[Task input]
···
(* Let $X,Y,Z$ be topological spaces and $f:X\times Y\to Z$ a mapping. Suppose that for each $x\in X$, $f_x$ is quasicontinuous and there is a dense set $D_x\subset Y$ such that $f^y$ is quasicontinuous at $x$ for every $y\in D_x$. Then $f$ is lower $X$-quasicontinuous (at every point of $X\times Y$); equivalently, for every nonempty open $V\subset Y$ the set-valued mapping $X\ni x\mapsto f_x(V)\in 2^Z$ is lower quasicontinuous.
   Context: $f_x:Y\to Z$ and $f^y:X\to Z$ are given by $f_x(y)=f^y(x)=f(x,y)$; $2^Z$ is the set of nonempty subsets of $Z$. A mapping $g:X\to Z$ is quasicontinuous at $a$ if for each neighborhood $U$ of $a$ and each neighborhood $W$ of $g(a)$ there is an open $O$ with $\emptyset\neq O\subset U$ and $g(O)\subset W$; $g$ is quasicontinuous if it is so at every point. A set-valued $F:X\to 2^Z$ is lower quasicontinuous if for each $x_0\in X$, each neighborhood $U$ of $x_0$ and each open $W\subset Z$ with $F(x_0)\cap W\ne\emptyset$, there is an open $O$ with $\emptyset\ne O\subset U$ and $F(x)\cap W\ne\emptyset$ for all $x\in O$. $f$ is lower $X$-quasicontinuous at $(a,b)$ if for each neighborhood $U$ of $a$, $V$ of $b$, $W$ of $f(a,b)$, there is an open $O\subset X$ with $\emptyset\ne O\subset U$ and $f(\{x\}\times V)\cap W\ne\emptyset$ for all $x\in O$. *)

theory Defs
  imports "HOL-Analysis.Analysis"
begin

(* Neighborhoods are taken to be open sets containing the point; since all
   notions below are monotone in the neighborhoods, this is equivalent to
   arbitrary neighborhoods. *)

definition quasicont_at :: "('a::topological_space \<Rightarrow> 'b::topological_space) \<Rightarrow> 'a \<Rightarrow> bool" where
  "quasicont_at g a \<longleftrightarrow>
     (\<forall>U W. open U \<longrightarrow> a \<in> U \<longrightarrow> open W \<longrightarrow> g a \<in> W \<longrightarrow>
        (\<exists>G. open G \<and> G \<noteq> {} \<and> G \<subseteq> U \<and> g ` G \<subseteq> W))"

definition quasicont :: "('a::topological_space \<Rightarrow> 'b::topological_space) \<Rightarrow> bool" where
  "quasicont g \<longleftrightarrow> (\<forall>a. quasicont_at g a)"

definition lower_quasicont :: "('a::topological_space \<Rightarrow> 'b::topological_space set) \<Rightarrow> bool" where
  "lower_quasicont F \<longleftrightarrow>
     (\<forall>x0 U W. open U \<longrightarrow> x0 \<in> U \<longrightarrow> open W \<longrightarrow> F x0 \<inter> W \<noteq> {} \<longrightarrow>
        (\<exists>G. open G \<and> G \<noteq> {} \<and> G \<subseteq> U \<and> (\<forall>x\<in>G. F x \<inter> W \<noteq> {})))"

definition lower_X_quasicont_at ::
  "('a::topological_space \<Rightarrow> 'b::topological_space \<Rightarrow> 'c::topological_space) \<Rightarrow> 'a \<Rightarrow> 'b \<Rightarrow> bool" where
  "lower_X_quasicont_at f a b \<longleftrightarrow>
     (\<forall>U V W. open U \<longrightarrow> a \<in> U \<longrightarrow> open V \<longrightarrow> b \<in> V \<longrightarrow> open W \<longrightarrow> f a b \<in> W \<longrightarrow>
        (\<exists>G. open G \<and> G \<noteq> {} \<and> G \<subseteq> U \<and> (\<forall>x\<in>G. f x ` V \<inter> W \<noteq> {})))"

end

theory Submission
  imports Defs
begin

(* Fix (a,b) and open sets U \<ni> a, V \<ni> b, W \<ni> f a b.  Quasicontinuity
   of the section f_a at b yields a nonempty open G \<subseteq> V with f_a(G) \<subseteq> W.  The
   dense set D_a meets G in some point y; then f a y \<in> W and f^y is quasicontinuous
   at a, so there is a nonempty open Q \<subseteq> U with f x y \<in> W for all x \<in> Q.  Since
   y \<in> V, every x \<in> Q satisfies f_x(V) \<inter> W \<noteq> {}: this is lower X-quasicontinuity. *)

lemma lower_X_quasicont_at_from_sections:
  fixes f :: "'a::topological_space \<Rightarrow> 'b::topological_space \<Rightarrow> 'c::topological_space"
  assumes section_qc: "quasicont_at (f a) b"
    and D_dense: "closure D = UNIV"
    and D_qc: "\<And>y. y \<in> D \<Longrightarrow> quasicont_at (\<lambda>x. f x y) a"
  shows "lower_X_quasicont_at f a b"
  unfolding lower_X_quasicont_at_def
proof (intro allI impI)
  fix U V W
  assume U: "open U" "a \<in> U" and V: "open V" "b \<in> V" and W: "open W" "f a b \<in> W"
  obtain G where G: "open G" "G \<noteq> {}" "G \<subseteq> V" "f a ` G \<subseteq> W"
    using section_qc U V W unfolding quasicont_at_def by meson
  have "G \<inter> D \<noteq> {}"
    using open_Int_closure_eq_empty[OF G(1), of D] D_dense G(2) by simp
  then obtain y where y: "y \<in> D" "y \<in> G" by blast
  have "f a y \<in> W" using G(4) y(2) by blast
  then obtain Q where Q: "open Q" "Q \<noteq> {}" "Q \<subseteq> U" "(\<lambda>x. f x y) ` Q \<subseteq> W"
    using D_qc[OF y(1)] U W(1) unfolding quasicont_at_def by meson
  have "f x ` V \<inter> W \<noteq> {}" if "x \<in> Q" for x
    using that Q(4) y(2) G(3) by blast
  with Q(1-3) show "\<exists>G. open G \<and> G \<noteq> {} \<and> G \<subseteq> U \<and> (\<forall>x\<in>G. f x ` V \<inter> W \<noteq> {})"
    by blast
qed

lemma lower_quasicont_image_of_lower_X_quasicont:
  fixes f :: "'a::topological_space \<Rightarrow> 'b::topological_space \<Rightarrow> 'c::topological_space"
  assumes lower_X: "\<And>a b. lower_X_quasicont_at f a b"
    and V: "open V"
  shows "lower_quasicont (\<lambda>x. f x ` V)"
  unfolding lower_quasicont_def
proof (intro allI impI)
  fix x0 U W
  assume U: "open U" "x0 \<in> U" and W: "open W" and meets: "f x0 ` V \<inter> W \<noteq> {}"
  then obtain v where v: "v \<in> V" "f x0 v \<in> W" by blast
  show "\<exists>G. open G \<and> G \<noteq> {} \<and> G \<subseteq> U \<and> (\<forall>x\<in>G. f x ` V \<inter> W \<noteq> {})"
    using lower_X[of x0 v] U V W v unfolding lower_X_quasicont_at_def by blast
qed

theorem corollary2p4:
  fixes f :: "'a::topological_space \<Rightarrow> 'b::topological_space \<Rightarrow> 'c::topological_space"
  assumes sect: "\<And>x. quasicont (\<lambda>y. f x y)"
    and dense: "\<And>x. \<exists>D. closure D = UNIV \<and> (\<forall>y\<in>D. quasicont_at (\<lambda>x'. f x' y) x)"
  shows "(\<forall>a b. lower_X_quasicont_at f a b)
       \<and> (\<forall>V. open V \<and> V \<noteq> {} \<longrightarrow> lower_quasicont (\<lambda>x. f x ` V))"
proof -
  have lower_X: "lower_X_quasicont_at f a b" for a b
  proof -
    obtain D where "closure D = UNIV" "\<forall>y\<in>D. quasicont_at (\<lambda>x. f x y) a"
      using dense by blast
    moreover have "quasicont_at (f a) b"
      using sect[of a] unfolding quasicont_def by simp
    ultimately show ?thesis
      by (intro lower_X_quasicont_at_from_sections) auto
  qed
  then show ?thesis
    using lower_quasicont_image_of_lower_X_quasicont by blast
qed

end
···
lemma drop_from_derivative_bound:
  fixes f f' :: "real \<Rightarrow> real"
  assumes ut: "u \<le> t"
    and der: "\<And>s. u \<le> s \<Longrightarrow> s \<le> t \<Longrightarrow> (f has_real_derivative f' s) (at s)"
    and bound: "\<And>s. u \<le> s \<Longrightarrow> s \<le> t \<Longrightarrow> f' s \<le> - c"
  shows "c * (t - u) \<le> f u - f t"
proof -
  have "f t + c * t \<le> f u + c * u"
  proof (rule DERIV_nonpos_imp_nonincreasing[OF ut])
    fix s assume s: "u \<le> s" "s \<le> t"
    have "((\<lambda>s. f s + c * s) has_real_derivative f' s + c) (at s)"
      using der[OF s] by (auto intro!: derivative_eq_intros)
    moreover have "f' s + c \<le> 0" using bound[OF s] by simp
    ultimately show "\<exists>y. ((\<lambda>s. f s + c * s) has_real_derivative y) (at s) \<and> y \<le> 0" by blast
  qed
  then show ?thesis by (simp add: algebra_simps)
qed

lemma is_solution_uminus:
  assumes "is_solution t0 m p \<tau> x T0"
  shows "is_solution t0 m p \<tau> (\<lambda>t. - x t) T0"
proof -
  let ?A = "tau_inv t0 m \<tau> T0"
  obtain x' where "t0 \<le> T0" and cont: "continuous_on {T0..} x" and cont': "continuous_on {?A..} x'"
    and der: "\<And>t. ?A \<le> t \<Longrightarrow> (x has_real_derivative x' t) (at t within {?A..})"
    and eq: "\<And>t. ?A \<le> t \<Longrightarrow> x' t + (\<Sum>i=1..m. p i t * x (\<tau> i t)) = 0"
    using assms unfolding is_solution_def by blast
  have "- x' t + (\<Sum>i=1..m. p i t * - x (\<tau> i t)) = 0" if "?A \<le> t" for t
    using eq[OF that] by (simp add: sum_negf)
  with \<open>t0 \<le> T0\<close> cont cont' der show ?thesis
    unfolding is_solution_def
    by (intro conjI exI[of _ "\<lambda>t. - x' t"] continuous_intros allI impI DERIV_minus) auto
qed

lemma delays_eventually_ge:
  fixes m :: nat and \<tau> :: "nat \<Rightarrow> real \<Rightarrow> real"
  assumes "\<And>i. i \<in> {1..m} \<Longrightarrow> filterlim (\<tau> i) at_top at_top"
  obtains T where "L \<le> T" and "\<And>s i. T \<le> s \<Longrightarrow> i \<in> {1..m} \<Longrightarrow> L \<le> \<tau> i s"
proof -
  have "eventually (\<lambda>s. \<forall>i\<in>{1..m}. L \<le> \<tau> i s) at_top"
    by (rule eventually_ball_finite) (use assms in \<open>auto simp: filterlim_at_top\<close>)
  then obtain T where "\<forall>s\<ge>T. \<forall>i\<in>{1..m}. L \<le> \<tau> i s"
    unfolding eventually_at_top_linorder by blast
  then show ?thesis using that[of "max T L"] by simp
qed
···
[Prompt]
Retype only the lines above between the line with "using section_qc U" and the line with "ultimately show ?thesis", counting those two lines as well, and keep every character as it is.

[Expected answer]
    using section_qc U V W unfolding quasicont_at_def by meson
  have "G \<inter> D \<noteq> {}"
    using open_Int_closure_eq_empty[OF G(1), of D] D_dense G(2) by simp
  then obtain y where y: "y \<in> D" "y \<in> G" by blast
  have "f a y \<in> W" using G(4) y(2) by blast
  then obtain Q where Q: "open Q" "Q \<noteq> {}" "Q \<subseteq> U" "(\<lambda>x. f x y) ` Q \<subseteq> W"
    using D_qc[OF y(1)] U W(1) unfolding quasicont_at_def by meson
  have "f x ` V \<inter> W \<noteq> {}" if "x \<in> Q" for x
    using that Q(4) y(2) G(3) by blast
  with Q(1-3) show "\<exists>G. open G \<and> G \<noteq> {} \<and> G \<subseteq> U \<and> (\<forall>x\<in>G. f x ` V \<inter> W \<noteq> {})"
    by blast
qed

lemma lower_quasicont_image_of_lower_X_quasicont:
  fixes f :: "'a::topological_space \<Rightarrow> 'b::topological_space \<Rightarrow> 'c::topological_space"
  assumes lower_X: "\<And>a b. lower_X_quasicont_at f a b"
    and V: "open V"
  shows "lower_quasicont (\<lambda>x. f x ` V)"
  unfolding lower_quasicont_def
proof (intro allI impI)
  fix x0 U W
  assume U: "open U" "x0 \<in> U" and W: "open W" and meets: "f x0 ` V \<inter> W \<noteq> {}"
  then obtain v where v: "v \<in> V" "f x0 v \<in> W" by blast
  show "\<exists>G. open G \<and> G \<noteq> {} \<and> G \<subseteq> U \<and> (\<forall>x\<in>G. f x ` V \<inter> W \<noteq> {})"
    using lower_X[of x0 v] U V W v unfolding lower_X_quasicont_at_def by blast
qed

theorem corollary2p4:
  fixes f :: "'a::topological_space \<Rightarrow> 'b::topological_space \<Rightarrow> 'c::topological_space"
  assumes sect: "\<And>x. quasicont (\<lambda>y. f x y)"
    and dense: "\<And>x. \<exists>D. closure D = UNIV \<and> (\<forall>y\<in>D. quasicont_at (\<lambda>x'. f x' y) x)"
  shows "(\<forall>a b. lower_X_quasicont_at f a b)
       \<and> (\<forall>V. open V \<and> V \<noteq> {} \<longrightarrow> lower_quasicont (\<lambda>x. f x ` V))"
proof -
  have lower_X: "lower_X_quasicont_at f a b" for a b
  proof -
    obtain D where "closure D = UNIV" "\<forall>y\<in>D. quasicont_at (\<lambda>x. f x y) a"
      using dense by blast
    moreover have "quasicont_at (f a) b"
      using sect[of a] unfolding quasicont_def by simp
    ultimately show ?thesis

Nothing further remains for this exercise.